*** Opening of Records ***

(* Let $n\geq 3$ and let $A$ be an $F_n$-good $n\times n$ matrix. If row $i$ of $A$ has two entries equal to $1$, in columns $j$ and $k$ with $j<k$, then $k=j+2$ and $i\in\{1,n\}$.
   Context: $F_n$ is the set of vectors $\vec{x}=(x_1,\ldots,x_n)\in\mathbb{Z}_2^n$ with no $i$ such that $x_i=x_{i+1}=1$. An $n\times n$ matrix $A$ over $\mathbb{Z}_2$ is $F_n$-good if it is invertible and $A\vec{x}\in F_n$ for all $\vec{x}\in F_n$. *)

theory Defs
  imports "HOL-Library.Z2" "Jordan_Normal_Form.Matrix"
begin

text \<open>Indices are 0-based (Jordan_Normal_Form convention): paper index t corresponds to t-1.\<close>

definition F_set :: "nat \<Rightarrow> bit vec set" where
  "F_set n = {x \<in> carrier_vec n. \<not> (\<exists>i. Suc i < n \<and> x $ i = 1 \<and> x $ Suc i = 1)}"

definition F_good :: "nat \<Rightarrow> bit mat \<Rightarrow> bool" where
  "F_good n A \<longleftrightarrow> A \<in> carrier_mat n n \<and> invertible_mat A \<and> (\<forall>x \<in> F_set n. A *\<^sub>v x \<in> F_set n)"

end

theory Submission
  imports Defs
begin

text \<open>If row i has ones in columns j < k, apply A to the F_n-vectors e_j, e_k and e_t + e_j,
  e_t + e_k, where t is any column in which an adjacent row q has a one: the images must not have
  ones in both rows i and q, which forces t to be adjacent to both j and k, so t = j + 1 = k - 1.
  An invertible matrix has no zero row, hence every row adjacent to row i equals e_(j+1);
  an interior row i would have two such neighbours, i.e. two equal rows, again contradicting
  invertibility.\<close>

lemma invertible_mat_right_inverse:
  assumes "invertible_mat A" and "A \<in> carrier_mat n n"
  obtains B where "B \<in> carrier_mat n n"
    and "\<And>r c. r < n \<Longrightarrow> c < n \<Longrightarrow> row A r \<bullet> col B c = (if r = c then 1 else 0)"
proof -
  obtain B where AB: "A * B = 1\<^sub>m n" and BA: "B * A = 1\<^sub>m (dim_row B)"
    using assms unfolding invertible_mat_def inverts_mat_def by auto
  have "dim_col B = n" using arg_cong[OF AB, of dim_col] by simp
  moreover have "dim_row B = n" using arg_cong[OF BA, of dim_col] assms(2) by simp
  moreover have "row A r \<bullet> col B c = (if r = c then 1 else 0)" if "r < n" "c < n" for r c
    using index_mult_mat(1)[of r A c B] AB assms(2) that calculation by simp
  ultimately show thesis using that by blast
qed

lemma invertible_mat_row_nonzero:
  fixes A :: "'a :: {semiring_1, zero_neq_one} mat"
  assumes "invertible_mat A" and "A \<in> carrier_mat n n" and "r < n"
  shows "row A r \<noteq> 0\<^sub>v n"
proof
  assume zero: "row A r = 0\<^sub>v n"
  obtain B where "B \<in> carrier_mat n n" and "row A r \<bullet> col B r = 1"
    using invertible_mat_right_inverse[OF assms(1,2)] assms(3) by metis
  moreover have "0\<^sub>v n \<bullet> col B r = 0"
    using \<open>B \<in> carrier_mat n n\<close> by (intro scalar_prod_left_zero) auto
  ultimately show False by (simp add: zero)
qed

lemma invertible_mat_row_inj:
  fixes A :: "'a :: {semiring_1, zero_neq_one} mat"
  assumes "invertible_mat A" and "A \<in> carrier_mat n n"
    and "r < n" and "r' < n" and "row A r = row A r'"
  shows "r = r'"
proof -
  obtain B where "\<And>c. c < n \<Longrightarrow> row A r \<bullet> col B c = (if r = c then 1 else 0)"
    and "row A r' \<bullet> col B r' = 1"
    using invertible_mat_right_inverse[OF assms(1,2)] assms(3,4) by metis
  then show ?thesis using assms(4,5) by (metis zero_neq_one)
qed

lemma mult_mat_vec_unit_vec_index:
  fixes A :: "'a :: semiring_1 mat"
  assumes "A \<in> carrier_mat m n" and "r < m" and "t < n"
  shows "(A *\<^sub>v unit_vec n t) $ r = A $$ (r, t)"
  using assms by (simp add: scalar_prod_right_unit)

lemma unit_vec_mem_F_set: "t < n \<Longrightarrow> unit_vec n t \<in> F_set n"
  unfolding F_set_def by auto

lemma unit_vec_add_mem_F_set:
  assumes "s < n" and "t < n" and "s \<noteq> Suc t" and "t \<noteq> Suc s"
  shows "unit_vec n s + unit_vec n t \<in> F_set n"
  using assms unfolding F_set_def by (auto simp: unit_vec_def)

lemma F_good_not_both_one:
  assumes "F_good n A" and "x \<in> F_set n"
    and "p < n" and "q < n" and "p = Suc q \<or> q = Suc p"
  shows "(A *\<^sub>v x) $ p = 0 \<or> (A *\<^sub>v x) $ q = 0"
proof -
  have "A *\<^sub>v x \<in> F_set n" using assms(1,2) unfolding F_good_def by blast
  then show ?thesis using assms(3-5) unfolding F_set_def by auto
qed

lemma F_good_adjacent_rows_disjoint:
  assumes "F_good n A" and "p < n" and "q < n" and "p = Suc q \<or> q = Suc p"
    and "t < n" and "A $$ (p, t) = 1"
  shows "A $$ (q, t) = 0"
proof -
  have "A \<in> carrier_mat n n" using assms(1) unfolding F_good_def by blast
  then show ?thesis
    using F_good_not_both_one[OF assms(1) unit_vec_mem_F_set[OF assms(5)] assms(2-4)]
      assms(2,3,5,6) by (simp add: mult_mat_vec_unit_vec_index)
qed

lemma F_good_adjacent_rows_adjacent_ones:
  assumes G: "F_good n A" and pq: "p < n" "q < n" "p = Suc q \<or> q = Suc p"
    and "s < n" and "t < n" and "A $$ (p, s) = 1" and "A $$ (q, t) = 1"
  shows "s = Suc t \<or> t = Suc s"
proof (rule ccontr)
  assume far: "\<not> (s = Suc t \<or> t = Suc s)"
  have C: "A \<in> carrier_mat n n" using G unfolding F_good_def by blast
  have qp: "q = Suc p \<or> p = Suc q" using pq(3) by blast
  have "A $$ (p, t) = 0" and "A $$ (q, s) = 0"
    using F_good_adjacent_rows_disjoint[OF G pq(2,1) qp] F_good_adjacent_rows_disjoint[OF G pq]
      assms(5-8) by auto
  moreover have "A *\<^sub>v (unit_vec n s + unit_vec n t) = A *\<^sub>v unit_vec n s + A *\<^sub>v unit_vec n t"
    using C by (simp add: mult_add_distrib_mat_vec)
  ultimately show False
    using F_good_not_both_one[OF G unit_vec_add_mem_F_set[OF assms(5,6)] pq] far C pq(1,2)
      assms(5-8) by (simp add: mult_mat_vec_unit_vec_index)
qed

lemma F_good_neighbour_row:
  assumes G: "F_good n A" and "i < n" and "q < n" and "i = Suc q \<or> q = Suc i"
    and "j < k" and "k < n" and "A $$ (i, j) = 1" and "A $$ (i, k) = 1"
  shows "k = j + 2 \<and> row A q = unit_vec n (Suc j)"
proof -
  have C: "A \<in> carrier_mat n n" and inv: "invertible_mat A" using G unfolding F_good_def by auto
  have ones: "t = Suc j \<and> k = j + 2" if "t < n" "A $$ (q, t) = 1" for t
    using F_good_adjacent_rows_adjacent_ones[OF G assms(2-4), of j t]
      F_good_adjacent_rows_adjacent_ones[OF G assms(2-4), of k t] assms(5-8) that by auto
  have "\<exists>t < n. A $$ (q, t) = 1"
  proof (rule ccontr)
    assume "\<not> (\<exists>t < n. A $$ (q, t) = 1)"
    then have "row A q = 0\<^sub>v n" using C assms(3) by (intro eq_vecI) auto
    then show False using invertible_mat_row_nonzero[OF inv C assms(3)] by blast
  qed
  then obtain t where t: "t < n" "A $$ (q, t) = 1" by blast
  have "A $$ (q, s) = (if s = Suc j then 1 else 0)" if "s < n" for s
    using ones[OF t] ones[OF that] t by (cases "A $$ (q, s)") auto
  then have "row A q = unit_vec n (Suc j)"
    using C assms(3) by (intro eq_vecI) (auto simp: unit_vec_def)
  then show ?thesis using ones[OF t] by blast
qed

theorem lemma2:
  fixes n :: nat and A :: "bit mat" and i j k :: nat
  assumes "n \<ge> 3" and "F_good n A"
    and "i < n" and "j < k" and "k < n"
    and "A $$ (i, j) = 1" and "A $$ (i, k) = 1"
  shows "k = j + 2 \<and> (i = 0 \<or> i = n - 1)"
proof -
  note neighbour = F_good_neighbour_row[OF assms(2,3) _ _ assms(4-7)]
  have "k = j + 2"
  proof (cases i)
    case 0
    then show ?thesis using neighbour[of 1] assms(1) by auto
  next
    case (Suc i')
    then show ?thesis using neighbour[of i'] assms(3) by auto
  qed
  moreover have "i = 0 \<or> i = n - 1"
  proof (rule ccontr)
    assume "\<not> (i = 0 \<or> i = n - 1)"
    then obtain i' where i': "i = Suc i'" "Suc i < n" using assms(3) not0_implies_Suc by force
    have "row A i' = row A (Suc i)" using neighbour[of i'] neighbour[of "Suc i"] i' by auto
    moreover have "invertible_mat A" and "A \<in> carrier_mat n n"
      using assms(2) unfolding F_good_def by auto
    ultimately have "i' = Suc i" using invertible_mat_row_inj i' by (metis Suc_lessD)
    then show False using i' by simp
  qed
  ultimately show ?thesis ..
qed

end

*** Close of Records ***

**What you have to do**
Transcribe the entries above word for word, from the first line through the line containing "theory Defs", and nothing else.

**Expected answer**
(* Let $n\geq 3$ and let $A$ be an $F_n$-good $n\times n$ matrix. If row $i$ of $A$ has two entries equal to $1$, in columns $j$ and $k$ with $j<k$, then $k=j+2$ and $i\in\{1,n\}$.
   Context: $F_n$ is the set of vectors $\vec{x}=(x_1,\ldots,x_n)\in\mathbb{Z}_2^n$ with no $i$ such that $x_i=x_{i+1}=1$. An $n\times n$ matrix $A$ over $\mathbb{Z}_2$ is $F_n$-good if it is invertible and $A\vec{x}\in F_n$ for all $\vec{x}\in F_n$. *)

theory Defs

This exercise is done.